Hi everyone,
I’m using Traefik as a Docker container in my setup, and I’ve encountered a situation that I need help with. My firewall is blocking a request originating from the Traefik container’s internal Docker IP address to one of my devices over port 443.
I’m unsure what this request is for and why it’s happening. Could it be related to:
- Health checks performed by Traefik?
- ACME/Let’s Encrypt certificate validation or renewal?
- Some misconfiguration in my setup?
I’ve already checked my Traefik configuration but couldn’t pinpoint the exact source of this request.
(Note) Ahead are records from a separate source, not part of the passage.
lemma open_conn_open_subset:
  fixes \<omega> :: "'v set \<Rightarrow> bool"
  assumes e: "e = {u, v}" "e \<in> E"
  defines "R0 \<equiv> open_conn V E \<alpha> (\<omega>(e:=False))"
  shows "open_conn V E \<alpha> (\<omega>(e:=True)) \<subseteq> R0 \<union> (R0``{u} \<union> R0``{v}) \<times> (R0``{u} \<union> R0``{v})"
proof -
  define C where "C = R0``{u} \<union> R0``{v}"
  have R0: "equiv V R0" unfolding R0_def by (rule equiv_open_conn)
  have "u \<in> V" "v \<in> V" using edge_in_V e by auto
  then have uv: "u \<in> C" "v \<in> C" unfolding C_def using equiv_class_self[OF R0] by auto
  have closed: "a \<in> C \<longleftrightarrow> b \<in> C" if "(a, b) \<in> R0" for a b
    using that R0 unfolding C_def equiv_def sym_def trans_def by blast
  have R0_trans: "(a, c) \<in> R0" if "(a, b) \<in> R0" "(b, c) \<in> R0" for a b c
    using R0 that unfolding equiv_def trans_def by blast
  have trans: "trans (R0 \<union> C \<times> C)"
    unfolding trans_def
  proof (intro allI impI)
    fix a b c assume "(a, b) \<in> R0 \<union> C \<times> C" "(b, c) \<in> R0 \<union> C \<times> C"
    then show "(a, c) \<in> R0 \<union> C \<times> C"
      using R0_trans closed[of a b] closed[of b c] by blast
  qed
  have gen: "wired_rel V \<alpha> \<union> {(a, b). {a, b} \<in> E \<and> (\<omega>(e:=True)) {a, b}} \<subseteq> R0 \<union> C \<times> C"
  proof -
    have "{(a, b). {a, b} = e} \<subseteq> C \<times> C" using uv e(1) by (auto simp: doubleton_eq_iff)
    moreover have "wired_rel V \<alpha> \<union> {(a, b). {a, b} \<in> E \<and> (\<omega>(e:=False)) {a, b}} \<subseteq> R0"
      unfolding R0_def open_conn_eq by auto
    ultimately show ?thesis unfolding open_edges_fun_upd[OF e(2)] by blast
  qed
  show ?thesis
    unfolding open_conn_eq[of V E \<alpha> "\<omega>(e:=True)"] C_def[symmetric]
    using trancl_mono_subset[OF gen] trancl_id[OF trans] by simp
qed

lemma open_conn_open_eq_closed:
  assumes e: "e = {u, v}" "e \<in> E" and uv: "(u, v) \<in> open_conn V E \<alpha> (\<omega>(e:=False))"
  shows "open_conn V E \<alpha> (\<omega>(e:=True)) = open_conn V E \<alpha> (\<omega>(e:=False))"
proof
  define R0 where "R0 = open_conn V E \<alpha> (\<omega>(e:=False))"
  have R0: "equiv V R0" unfolding R0_def by (rule equiv_open_conn)
  have "R0``{u} = R0``{v}" using equiv_class_eq_iff[OF R0] uv unfolding R0_def by blast
  then have "(R0``{u} \<union> R0``{v}) \<times> (R0``{u} \<union> R0``{v}) \<subseteq> R0"
    using R0 unfolding equiv_def sym_def trans_def by blast
  then have "open_conn V E \<alpha> (\<omega>(e:=True)) \<subseteq> R0"
    using open_conn_open_subset[OF e, of \<omega>, folded R0_def] by blast
  then show "open_conn V E \<alpha> (\<omega>(e:=True)) \<subseteq> open_conn V E \<alpha> (\<omega>(e:=False))"
    unfolding R0_def .
  show "open_conn V E \<alpha> (\<omega>(e:=False)) \<subseteq> open_conn V E \<alpha> (\<omega>(e:=True))"
    by (rule open_conn_closed_subset_open[OF e(2)])
qed

lemma num_clusters_open_le:
  "e \<in> E \<Longrightarrow> num_clusters V E \<alpha> (\<omega>(e:=True)) \<le> num_clusters V E \<alpha> (\<omega>(e:=False))"
  unfolding num_clusters_def
  by (rule card_quotient_coarser_le[OF equiv_open_conn equiv_open_conn
        open_conn_closed_subset_open finite_V])

lemma num_clusters_closed_le_Suc:
  assumes "e \<in> E"
  shows "num_clusters V E \<alpha> (\<omega>(e:=False)) \<le> Suc (num_clusters V E \<alpha> (\<omega>(e:=True)))"
proof -
  obtain u v where "e = {u, v}" "u \<in> V" using edge_endpoints[OF assms] by blast
  then show ?thesis
    unfolding num_clusters_def
    by (intro card_quotient_le_Suc_coarser[OF equiv_open_conn equiv_open_conn
          open_conn_closed_subset_open[OF assms] finite_V] open_conn_open_subset assms)
qed

lemma num_clusters_open_less:
  assumes "e = {u, v}" "e \<in> E" "(u, v) \<notin> open_conn V E \<alpha> (\<omega>(e:=False))"
  shows "num_clusters V E \<alpha> (\<omega>(e:=True)) < num_clusters V E \<alpha> (\<omega>(e:=False))"
  unfolding num_clusters_def
  using card_quotient_coarser_less[OF equiv_open_conn equiv_open_conn
      open_conn_closed_subset_open[OF assms(2)] finite_V open_conn_open_ends[OF assms(1,2)] assms(3)] .
lemma is_net_merge: "is_net Eg X M"
proof -
  have "finite (nodes M)" using finite_nodes merge_nodes_subset finite_subset by blast
  moreover have "finite (arcs M)" using finite_arcs by (simp add: arcs_merge)
  moreover have "\<forall>V\<in>nodes M. V \<subseteq> X" using nodes_subset merge_nodes_subset by blast
  moreover have "\<forall>E\<in>arcs M. E \<subseteq> X" using arcs_subset C_subset by (auto simp: arcs_merge)
  moreover have "\<forall>E\<in>arcs M. ends M E \<subseteq> nodes M \<and> card (ends M E) = 2"
    using split_pair split_pair_merge_nodes arc_ends_subset card_arc_ends
    by (auto simp: arcs_merge ends_merge nodes_merge)
  moreover have "\<forall>E\<in>arcs M. E \<noteq> {}" using arc_nonempty C_nonempty by (auto simp: arcs_merge)
  moreover have "\<forall>E\<in>arcs M. \<forall>F\<in>arcs M. E \<noteq> F \<longrightarrow> E \<inter> F = {}"
    using arcs_disjoint by (auto simp: arcs_merge)
  moreover have "card (leaf_nodes M) = 3" "\<forall>L\<in>leaf_nodes M. \<exists>v. L = {v} \<and> g_leaf Eg v"
    using card_leaf_nodes leaf_node_singleton by (simp_all add: leaf_nodes_merge)
  moreover have "\<forall>E\<in>arcs M. \<forall>U V. ends M E = {U, V} \<longrightarrow> (\<forall>x\<in>E. \<exists>P. uv_rung Eg E U V P \<and> x \<in> set P)"
    using merge_arc_rung arc_rung by (auto simp: arcs_merge ends_merge)
  moreover have "\<forall>E\<in>arcs M. \<forall>V\<in>nodes M. E \<inter> V \<noteq> {} \<longleftrightarrow> V \<in> ends M E"
    by (intro ballI) (rule merge_arc_meets_node_iff)
  moreover have "\<forall>E\<in>arcs M. \<forall>F\<in>arcs M. \<forall>u v. E \<noteq> F \<and> u \<in> E \<and> v \<in> F \<longrightarrow>
      (Eg u v \<longleftrightarrow> (\<exists>V \<in> ends M E \<inter> ends M F. u \<in> V \<and> v \<in> V))"
    by (intro ballI allI impI, elim conjE, rule merge_adj_across_arcs_iff; assumption)
  ultimately show ?thesis
    unfolding is_net_def
    using merge_arcs_connected merge_nabla_biconnected Union_merge_arcs by (intro conjI) simp_all
qed

end

theorem lemma3p4:
  fixes Vg :: "'a set" and Eg :: "'a \<Rightarrow> 'a \<Rightarrow> bool"
    and X :: "'a set" and H :: "'a mgraph" and V1 V2 C :: "'a set"
  assumes "simple_graph Vg Eg"
    and "X \<subseteq> Vg"
    and "is_net Eg X H"
    and "is_chunk H V1 V2 C"
  shows "is_net Eg X (merge H V1 V2 C)"
proof -
  obtain S where "S \<noteq> {}" "\<forall>A\<in>S. split_component H A {V1, V2}" "C = \<Union>(\<Union>S)"
    using assms(4) unfolding is_chunk_def by blast
  moreover have "\<And>x y. Eg x y \<Longrightarrow> Eg y x" using assms(1) by (simp add: simple_graph_def)
  ultimately interpret chunk Eg X H V1 V2 C S using assms(3) by unfold_locales blast+
  show ?thesis by (rule is_net_merge)
qed

end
Has anyone experienced a similar issue or knows what might be causing this problem?
Here are some additional details about my setup:
- Traefik version: v3.2.2
- Docker version: v27.3.1
Any guidance or suggestions on how to debug or resolve this would be greatly appreciated!
Thanks in advance!
It's not clear. What is that screenshot, what system are you running on?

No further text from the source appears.